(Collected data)

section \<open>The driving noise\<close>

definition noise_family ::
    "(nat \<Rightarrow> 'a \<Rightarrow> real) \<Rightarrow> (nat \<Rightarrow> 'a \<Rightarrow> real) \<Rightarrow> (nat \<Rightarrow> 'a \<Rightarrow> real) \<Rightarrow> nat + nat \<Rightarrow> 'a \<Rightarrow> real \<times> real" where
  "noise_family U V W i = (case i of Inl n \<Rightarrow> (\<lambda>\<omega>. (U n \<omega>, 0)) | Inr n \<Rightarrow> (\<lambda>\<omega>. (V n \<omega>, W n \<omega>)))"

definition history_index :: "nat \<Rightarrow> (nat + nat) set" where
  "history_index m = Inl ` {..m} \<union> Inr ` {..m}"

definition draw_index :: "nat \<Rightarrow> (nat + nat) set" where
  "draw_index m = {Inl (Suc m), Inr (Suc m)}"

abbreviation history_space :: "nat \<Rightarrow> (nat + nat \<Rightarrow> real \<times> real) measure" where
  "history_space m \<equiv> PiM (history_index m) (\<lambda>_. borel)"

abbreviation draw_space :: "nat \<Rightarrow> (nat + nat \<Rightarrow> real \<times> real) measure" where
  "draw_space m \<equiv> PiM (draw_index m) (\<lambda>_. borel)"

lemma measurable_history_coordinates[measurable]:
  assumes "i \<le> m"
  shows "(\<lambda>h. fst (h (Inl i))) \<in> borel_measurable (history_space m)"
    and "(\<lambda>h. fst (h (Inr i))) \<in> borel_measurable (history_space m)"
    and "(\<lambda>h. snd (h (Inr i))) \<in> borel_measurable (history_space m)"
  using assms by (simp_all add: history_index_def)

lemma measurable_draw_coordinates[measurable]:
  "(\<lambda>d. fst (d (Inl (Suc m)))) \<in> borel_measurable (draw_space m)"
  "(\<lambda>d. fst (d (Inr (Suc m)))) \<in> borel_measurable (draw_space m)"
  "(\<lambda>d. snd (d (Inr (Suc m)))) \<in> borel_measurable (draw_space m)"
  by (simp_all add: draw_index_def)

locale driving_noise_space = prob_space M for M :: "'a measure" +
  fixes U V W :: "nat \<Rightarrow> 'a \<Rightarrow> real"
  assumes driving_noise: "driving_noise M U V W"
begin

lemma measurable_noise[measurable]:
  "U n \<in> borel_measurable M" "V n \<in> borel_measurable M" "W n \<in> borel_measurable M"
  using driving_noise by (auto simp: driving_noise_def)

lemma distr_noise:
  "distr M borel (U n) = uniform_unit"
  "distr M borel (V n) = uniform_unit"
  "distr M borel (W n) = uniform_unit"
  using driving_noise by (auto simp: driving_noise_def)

...

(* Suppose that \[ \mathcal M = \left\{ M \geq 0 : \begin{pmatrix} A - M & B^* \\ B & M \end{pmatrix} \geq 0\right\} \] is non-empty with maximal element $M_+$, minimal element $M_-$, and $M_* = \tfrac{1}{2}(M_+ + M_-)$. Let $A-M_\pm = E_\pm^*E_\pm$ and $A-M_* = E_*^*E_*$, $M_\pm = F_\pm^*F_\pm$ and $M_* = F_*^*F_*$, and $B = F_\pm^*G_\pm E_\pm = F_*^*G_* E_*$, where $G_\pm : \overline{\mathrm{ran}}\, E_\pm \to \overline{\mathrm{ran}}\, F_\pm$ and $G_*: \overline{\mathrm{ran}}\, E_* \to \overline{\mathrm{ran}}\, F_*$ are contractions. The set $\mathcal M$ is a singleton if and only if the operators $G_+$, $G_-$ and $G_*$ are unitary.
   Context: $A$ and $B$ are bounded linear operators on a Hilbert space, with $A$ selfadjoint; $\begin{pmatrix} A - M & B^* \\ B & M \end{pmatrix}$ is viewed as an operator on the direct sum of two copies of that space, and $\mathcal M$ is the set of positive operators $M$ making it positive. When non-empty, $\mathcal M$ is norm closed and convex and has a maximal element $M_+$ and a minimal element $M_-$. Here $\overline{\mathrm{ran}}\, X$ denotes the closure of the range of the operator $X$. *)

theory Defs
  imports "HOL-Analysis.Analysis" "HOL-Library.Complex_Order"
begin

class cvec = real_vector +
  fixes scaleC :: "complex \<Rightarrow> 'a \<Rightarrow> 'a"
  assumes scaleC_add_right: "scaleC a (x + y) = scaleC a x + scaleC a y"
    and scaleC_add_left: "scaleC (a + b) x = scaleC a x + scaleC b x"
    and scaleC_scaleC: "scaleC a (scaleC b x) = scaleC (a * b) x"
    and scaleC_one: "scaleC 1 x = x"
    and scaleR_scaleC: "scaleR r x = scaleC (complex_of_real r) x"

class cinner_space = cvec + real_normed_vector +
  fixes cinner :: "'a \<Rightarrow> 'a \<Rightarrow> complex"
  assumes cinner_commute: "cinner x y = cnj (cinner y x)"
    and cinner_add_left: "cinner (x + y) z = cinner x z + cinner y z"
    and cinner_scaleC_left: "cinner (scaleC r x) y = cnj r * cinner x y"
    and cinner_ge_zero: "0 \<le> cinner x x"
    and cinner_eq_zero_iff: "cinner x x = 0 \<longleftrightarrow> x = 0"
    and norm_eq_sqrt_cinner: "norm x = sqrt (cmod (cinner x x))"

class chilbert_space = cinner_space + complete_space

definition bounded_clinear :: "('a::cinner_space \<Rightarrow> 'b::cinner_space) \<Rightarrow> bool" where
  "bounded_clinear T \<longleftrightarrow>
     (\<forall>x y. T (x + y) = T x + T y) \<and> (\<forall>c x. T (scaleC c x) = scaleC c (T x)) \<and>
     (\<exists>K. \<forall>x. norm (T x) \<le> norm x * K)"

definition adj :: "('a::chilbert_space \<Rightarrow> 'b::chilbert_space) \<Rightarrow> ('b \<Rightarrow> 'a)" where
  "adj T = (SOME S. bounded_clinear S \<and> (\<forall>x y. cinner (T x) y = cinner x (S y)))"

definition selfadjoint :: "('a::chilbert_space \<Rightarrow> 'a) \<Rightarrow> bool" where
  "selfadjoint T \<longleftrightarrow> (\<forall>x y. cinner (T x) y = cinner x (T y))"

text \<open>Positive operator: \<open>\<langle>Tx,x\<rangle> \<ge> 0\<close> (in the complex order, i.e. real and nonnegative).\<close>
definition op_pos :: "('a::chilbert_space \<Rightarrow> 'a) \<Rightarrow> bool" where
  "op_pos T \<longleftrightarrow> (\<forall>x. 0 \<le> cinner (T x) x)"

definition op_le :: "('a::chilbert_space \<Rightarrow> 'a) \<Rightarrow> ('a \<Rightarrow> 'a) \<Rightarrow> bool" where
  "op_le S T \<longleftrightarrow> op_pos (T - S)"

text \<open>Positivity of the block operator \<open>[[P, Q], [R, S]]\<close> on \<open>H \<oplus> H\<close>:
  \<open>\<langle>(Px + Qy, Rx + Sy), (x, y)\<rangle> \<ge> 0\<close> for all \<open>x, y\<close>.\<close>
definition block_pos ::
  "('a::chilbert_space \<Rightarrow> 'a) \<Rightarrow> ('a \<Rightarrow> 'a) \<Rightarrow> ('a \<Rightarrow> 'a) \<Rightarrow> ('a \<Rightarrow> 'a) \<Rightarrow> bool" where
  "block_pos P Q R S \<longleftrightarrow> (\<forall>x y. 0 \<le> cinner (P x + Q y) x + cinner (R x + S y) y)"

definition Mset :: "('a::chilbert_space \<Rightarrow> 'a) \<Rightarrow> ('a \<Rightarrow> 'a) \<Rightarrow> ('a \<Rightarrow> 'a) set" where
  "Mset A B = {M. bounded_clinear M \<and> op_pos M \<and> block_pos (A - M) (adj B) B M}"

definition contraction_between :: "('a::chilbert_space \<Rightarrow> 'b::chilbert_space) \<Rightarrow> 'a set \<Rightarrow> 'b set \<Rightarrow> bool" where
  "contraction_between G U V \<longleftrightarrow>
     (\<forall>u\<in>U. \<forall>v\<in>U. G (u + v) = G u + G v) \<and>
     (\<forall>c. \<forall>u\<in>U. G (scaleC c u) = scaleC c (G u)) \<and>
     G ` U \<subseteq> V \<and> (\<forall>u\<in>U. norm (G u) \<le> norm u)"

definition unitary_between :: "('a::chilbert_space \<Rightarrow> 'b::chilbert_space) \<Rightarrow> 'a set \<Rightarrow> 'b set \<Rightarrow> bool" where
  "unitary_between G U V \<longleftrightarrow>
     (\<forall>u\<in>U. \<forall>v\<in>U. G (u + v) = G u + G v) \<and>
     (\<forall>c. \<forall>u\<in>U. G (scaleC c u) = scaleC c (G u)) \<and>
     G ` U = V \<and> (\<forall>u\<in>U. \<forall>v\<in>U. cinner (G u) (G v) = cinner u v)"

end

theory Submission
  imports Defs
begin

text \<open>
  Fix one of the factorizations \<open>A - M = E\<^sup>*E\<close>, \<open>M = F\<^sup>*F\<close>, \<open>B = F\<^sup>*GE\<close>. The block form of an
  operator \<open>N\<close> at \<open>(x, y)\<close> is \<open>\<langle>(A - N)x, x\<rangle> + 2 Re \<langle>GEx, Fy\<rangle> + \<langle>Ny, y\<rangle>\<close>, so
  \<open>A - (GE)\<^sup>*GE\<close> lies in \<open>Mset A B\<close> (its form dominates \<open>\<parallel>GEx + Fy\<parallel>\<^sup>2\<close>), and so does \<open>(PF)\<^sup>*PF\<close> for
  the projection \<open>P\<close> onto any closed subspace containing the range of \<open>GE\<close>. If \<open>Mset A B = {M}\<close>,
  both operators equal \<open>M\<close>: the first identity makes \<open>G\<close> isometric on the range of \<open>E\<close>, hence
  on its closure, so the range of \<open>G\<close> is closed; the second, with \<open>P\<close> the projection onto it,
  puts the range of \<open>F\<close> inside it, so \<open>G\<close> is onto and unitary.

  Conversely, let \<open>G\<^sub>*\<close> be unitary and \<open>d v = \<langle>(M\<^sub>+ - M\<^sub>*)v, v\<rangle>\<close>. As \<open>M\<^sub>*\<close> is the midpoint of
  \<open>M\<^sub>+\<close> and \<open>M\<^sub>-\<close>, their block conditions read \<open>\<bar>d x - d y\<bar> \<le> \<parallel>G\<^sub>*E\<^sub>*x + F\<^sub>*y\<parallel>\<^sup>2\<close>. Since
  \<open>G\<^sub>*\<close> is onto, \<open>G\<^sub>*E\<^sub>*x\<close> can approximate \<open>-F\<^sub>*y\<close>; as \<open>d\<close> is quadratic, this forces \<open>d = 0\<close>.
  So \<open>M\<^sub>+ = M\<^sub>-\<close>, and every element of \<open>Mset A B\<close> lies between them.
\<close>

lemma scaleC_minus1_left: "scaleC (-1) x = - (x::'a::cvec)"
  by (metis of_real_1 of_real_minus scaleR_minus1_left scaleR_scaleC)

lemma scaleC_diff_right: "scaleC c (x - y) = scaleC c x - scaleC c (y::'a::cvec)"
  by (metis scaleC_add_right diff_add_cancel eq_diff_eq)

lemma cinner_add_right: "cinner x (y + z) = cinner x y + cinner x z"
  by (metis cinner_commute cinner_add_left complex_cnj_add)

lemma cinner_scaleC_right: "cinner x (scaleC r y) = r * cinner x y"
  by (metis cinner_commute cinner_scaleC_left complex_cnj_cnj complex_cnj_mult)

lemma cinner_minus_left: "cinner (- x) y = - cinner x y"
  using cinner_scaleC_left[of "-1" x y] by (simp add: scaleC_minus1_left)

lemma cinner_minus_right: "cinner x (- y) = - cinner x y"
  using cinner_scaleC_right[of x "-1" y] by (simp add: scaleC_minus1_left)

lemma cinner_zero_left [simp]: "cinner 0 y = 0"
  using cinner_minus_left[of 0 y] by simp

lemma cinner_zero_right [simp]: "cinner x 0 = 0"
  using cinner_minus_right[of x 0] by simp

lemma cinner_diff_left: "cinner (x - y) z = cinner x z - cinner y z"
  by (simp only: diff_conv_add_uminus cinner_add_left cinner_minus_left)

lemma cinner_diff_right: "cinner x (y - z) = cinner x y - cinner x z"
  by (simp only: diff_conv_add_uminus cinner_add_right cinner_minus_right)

...

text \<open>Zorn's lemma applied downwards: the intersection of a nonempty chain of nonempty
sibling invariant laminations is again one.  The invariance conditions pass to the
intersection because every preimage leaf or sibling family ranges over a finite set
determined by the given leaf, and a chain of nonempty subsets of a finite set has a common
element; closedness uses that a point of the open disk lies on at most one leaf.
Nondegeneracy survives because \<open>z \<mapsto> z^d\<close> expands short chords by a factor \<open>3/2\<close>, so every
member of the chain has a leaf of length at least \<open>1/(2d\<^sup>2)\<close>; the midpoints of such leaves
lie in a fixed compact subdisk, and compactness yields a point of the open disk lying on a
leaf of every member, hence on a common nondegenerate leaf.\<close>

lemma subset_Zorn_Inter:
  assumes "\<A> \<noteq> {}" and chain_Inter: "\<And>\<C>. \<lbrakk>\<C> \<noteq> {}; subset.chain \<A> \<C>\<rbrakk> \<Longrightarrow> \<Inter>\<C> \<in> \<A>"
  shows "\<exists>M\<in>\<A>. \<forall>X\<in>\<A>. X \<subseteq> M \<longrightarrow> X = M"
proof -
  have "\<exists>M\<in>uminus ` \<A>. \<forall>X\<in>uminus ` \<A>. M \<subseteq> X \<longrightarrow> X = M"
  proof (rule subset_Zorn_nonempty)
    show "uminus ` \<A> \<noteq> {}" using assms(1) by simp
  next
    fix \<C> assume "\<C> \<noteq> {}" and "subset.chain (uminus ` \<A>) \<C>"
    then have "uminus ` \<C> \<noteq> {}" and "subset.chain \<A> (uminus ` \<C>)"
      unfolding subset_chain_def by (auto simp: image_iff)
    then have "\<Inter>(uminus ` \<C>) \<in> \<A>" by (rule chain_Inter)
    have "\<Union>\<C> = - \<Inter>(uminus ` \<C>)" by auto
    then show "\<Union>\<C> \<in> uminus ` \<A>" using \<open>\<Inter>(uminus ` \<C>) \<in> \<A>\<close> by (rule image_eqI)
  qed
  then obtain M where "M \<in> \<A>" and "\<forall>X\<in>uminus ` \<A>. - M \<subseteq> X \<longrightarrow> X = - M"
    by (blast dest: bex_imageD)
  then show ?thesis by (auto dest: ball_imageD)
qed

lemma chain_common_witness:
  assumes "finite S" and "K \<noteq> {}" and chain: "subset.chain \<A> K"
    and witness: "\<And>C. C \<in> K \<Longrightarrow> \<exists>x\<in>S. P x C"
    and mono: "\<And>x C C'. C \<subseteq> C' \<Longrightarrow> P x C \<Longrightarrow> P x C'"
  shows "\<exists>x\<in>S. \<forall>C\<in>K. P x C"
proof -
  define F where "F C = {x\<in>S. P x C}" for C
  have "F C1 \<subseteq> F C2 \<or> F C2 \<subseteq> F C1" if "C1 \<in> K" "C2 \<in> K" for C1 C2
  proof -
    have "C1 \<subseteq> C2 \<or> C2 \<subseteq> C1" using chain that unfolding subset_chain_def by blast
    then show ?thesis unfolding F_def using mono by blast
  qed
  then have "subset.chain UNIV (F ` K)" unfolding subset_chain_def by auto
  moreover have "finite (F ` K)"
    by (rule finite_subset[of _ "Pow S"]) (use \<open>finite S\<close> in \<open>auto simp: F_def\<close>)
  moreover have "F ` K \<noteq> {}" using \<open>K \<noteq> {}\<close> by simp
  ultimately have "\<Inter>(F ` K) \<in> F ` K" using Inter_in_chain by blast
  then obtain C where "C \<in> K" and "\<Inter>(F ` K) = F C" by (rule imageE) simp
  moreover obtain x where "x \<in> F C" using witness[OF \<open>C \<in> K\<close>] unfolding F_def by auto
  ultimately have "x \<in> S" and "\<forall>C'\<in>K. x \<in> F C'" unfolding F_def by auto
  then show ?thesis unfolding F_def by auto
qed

- **Work instruction**
Using the data above, transcribe the lines that run from the line with "Context: $A$ and" to the line with "(scaleC r x)", both ends kept, and output nothing else.

- **Result of the task**
   Context: $A$ and $B$ are bounded linear operators on a Hilbert space, with $A$ selfadjoint; $\begin{pmatrix} A - M & B^* \\ B & M \end{pmatrix}$ is viewed as an operator on the direct sum of two copies of that space, and $\mathcal M$ is the set of positive operators $M$ making it positive. When non-empty, $\mathcal M$ is norm closed and convex and has a maximal element $M_+$ and a minimal element $M_-$. Here $\overline{\mathrm{ran}}\, X$ denotes the closure of the range of the operator $X$. *)

theory Defs
  imports "HOL-Analysis.Analysis" "HOL-Library.Complex_Order"
begin

class cvec = real_vector +
  fixes scaleC :: "complex \<Rightarrow> 'a \<Rightarrow> 'a"
  assumes scaleC_add_right: "scaleC a (x + y) = scaleC a x + scaleC a y"
    and scaleC_add_left: "scaleC (a + b) x = scaleC a x + scaleC b x"
    and scaleC_scaleC: "scaleC a (scaleC b x) = scaleC (a * b) x"
    and scaleC_one: "scaleC 1 x = x"
    and scaleR_scaleC: "scaleR r x = scaleC (complex_of_real r) x"

class cinner_space = cvec + real_normed_vector +
  fixes cinner :: "'a \<Rightarrow> 'a \<Rightarrow> complex"
  assumes cinner_commute: "cinner x y = cnj (cinner y x)"
    and cinner_add_left: "cinner (x + y) z = cinner x z + cinner y z"
    and cinner_scaleC_left: "cinner (scaleC r x) y = cnj r * cinner x y"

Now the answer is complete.